━━━ Material for this task

lemma measurable_X_accepted:
  assumes [measurable]: "g \<in> borel_measurable borel"
  shows "(\<lambda>\<omega>. g (X (accepted j \<omega>) \<omega>)) \<in> borel_measurable M"
  by (rule measurable_compose_countable[where f="\<lambda>i \<omega>. g (X i \<omega>)" and g="accepted j"]) auto

lemma n_accepted_eq_past:
  "(if n_accepted i \<omega> = j then 1 else 0) =
   (\<lambda>y. if (\<Sum>k<i. indicator E (y k)) = real j then 1 else 0 :: real) (restrict (\<lambda>k. X k \<omega>) {..<i})"
proof -
  have "{k. k < i \<and> X k \<omega> \<in> E} = {..<i} \<inter> {k. X k \<omega> \<in> E}" by auto
  then have "real (n_accepted i \<omega>) = (\<Sum>k<i. indicator E (X k \<omega>))"
    unfolding n_accepted_def by (simp add: sum.If_cases indicator_def)
  then show ?thesis by simp
qed

lemma
  fixes g :: "'c \<Rightarrow> real"
  assumes [measurable]: "g \<in> borel_measurable borel" and ig: "integrable M (\<lambda>\<omega>. g (X 0 \<omega>))"
  shows integrable_accepted_term: "integrable M (accepted_term j g i)"
    and integral_accepted_term:
      "(\<integral>\<omega>. accepted_term j g i \<omega> \<partial>M) = prob_n_accepted j i * expectation_on_E g"
proof -
  let ?Z = "\<lambda>y. if (\<Sum>k<i. indicator E (y k)) = real j then 1 else 0 :: real"
  have [measurable]: "?Z \<in> borel_measurable (PiM {..<i} (\<lambda>_. borel))" by measurable
  have iZ: "integrable M (\<lambda>\<omega>. ?Z (restrict (\<lambda>k. X k \<omega>) {..<i}))"
    by (rule integrable_const_bound[where B=1]) auto
  have "integrable M (\<lambda>\<omega>. indicator E (X 0 \<omega>) * g (X 0 \<omega>))"
    by (rule Bochner_Integration.integrable_bound[OF ig]) (auto simp: indicator_def)
  then have iW: "integrable M (\<lambda>\<omega>. indicator E (X i \<omega>) * g (X i \<omega>))"
    using integrable_X_iff[of "\<lambda>x. indicator E x * g x" i] by simp
  show "integrable M (accepted_term j g i)"
    using integrable_past_times_present[OF _ _ iZ iW]
    unfolding accepted_term_def n_accepted_eq_past by simp
  show "(\<integral>\<omega>. accepted_term j g i \<omega> \<partial>M) = prob_n_accepted j i * expectation_on_E g"
    using integral_past_times_present[OF _ _ iZ iW]
      integral_X_eq[of "\<lambda>x. indicator E x * g x" i]
    unfolding accepted_term_def prob_n_accepted_def expectation_on_E_def n_accepted_eq_past
    by simp
qed

lemma expectation_on_E_one: "expectation_on_E (\<lambda>_. 1) = accept_prob"
proof -
  have "expectation_on_E (\<lambda>_. 1) = (\<integral>\<omega>. indicator {\<omega>\<in>space M. X 0 \<omega> \<in> E} \<omega> \<partial>M)"
    unfolding expectation_on_E_def
    by (rule Bochner_Integration.integral_cong) (auto simp: indicator_def)
  then show ?thesis by (simp add: accept_prob_def Int_absorb2)
qed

━━━━━━

→ What this task involves
Set all the data down again, exactly as it reads above.

→ Response to this task
lemma measurable_X_accepted:
  assumes [measurable]: "g \<in> borel_measurable borel"
  shows "(\<lambda>\<omega>. g (X (accepted j \<omega>) \<omega>)) \<in> borel_measurable M"
  by (rule measurable_compose_countable[where f="\<lambda>i \<omega>. g (X i \<omega>)" and g="accepted j"]) auto

lemma n_accepted_eq_past:
  "(if n_accepted i \<omega> = j then 1 else 0) =
   (\<lambda>y. if (\<Sum>k<i. indicator E (y k)) = real j then 1 else 0 :: real) (restrict (\<lambda>k. X k \<omega>) {..<i})"
proof -
  have "{k. k < i \<and> X k \<omega> \<in> E} = {..<i} \<inter> {k. X k \<omega> \<in> E}" by auto
  then have "real (n_accepted i \<omega>) = (\<Sum>k<i. indicator E (X k \<omega>))"
    unfolding n_accepted_def by (simp add: sum.If_cases indicator_def)
  then show ?thesis by simp
qed

lemma
  fixes g :: "'c \<Rightarrow> real"
  assumes [measurable]: "g \<in> borel_measurable borel" and ig: "integrable M (\<lambda>\<omega>. g (X 0 \<omega>))"
  shows integrable_accepted_term: "integrable M (accepted_term j g i)"
    and integral_accepted_term:
      "(\<integral>\<omega>. accepted_term j g i \<omega> \<partial>M) = prob_n_accepted j i * expectation_on_E g"
proof -
  let ?Z = "\<lambda>y. if (\<Sum>k<i. indicator E (y k)) = real j then 1 else 0 :: real"
  have [measurable]: "?Z \<in> borel_measurable (PiM {..<i} (\<lambda>_. borel))" by measurable
  have iZ: "integrable M (\<lambda>\<omega>. ?Z (restrict (\<lambda>k. X k \<omega>) {..<i}))"
    by (rule integrable_const_bound[where B=1]) auto
  have "integrable M (\<lambda>\<omega>. indicator E (X 0 \<omega>) * g (X 0 \<omega>))"
    by (rule Bochner_Integration.integrable_bound[OF ig]) (auto simp: indicator_def)
  then have iW: "integrable M (\<lambda>\<omega>. indicator E (X i \<omega>) * g (X i \<omega>))"
    using integrable_X_iff[of "\<lambda>x. indicator E x * g x" i] by simp
  show "integrable M (accepted_term j g i)"
    using integrable_past_times_present[OF _ _ iZ iW]
    unfolding accepted_term_def n_accepted_eq_past by simp
  show "(\<integral>\<omega>. accepted_term j g i \<omega> \<partial>M) = prob_n_accepted j i * expectation_on_E g"
    using integral_past_times_present[OF _ _ iZ iW]
      integral_X_eq[of "\<lambda>x. indicator E x * g x" i]
    unfolding accepted_term_def prob_n_accepted_def expectation_on_E_def n_accepted_eq_past
    by simp
qed

lemma expectation_on_E_one: "expectation_on_E (\<lambda>_. 1) = accept_prob"
proof -
  have "expectation_on_E (\<lambda>_. 1) = (\<integral>\<omega>. indicator {\<omega>\<in>space M. X 0 \<omega> \<in> E} \<omega> \<partial>M)"
    unfolding expectation_on_E_def
    by (rule Bochner_Integration.integral_cong) (auto simp: indicator_def)
  then show ?thesis by (simp add: accept_prob_def Int_absorb2)
qed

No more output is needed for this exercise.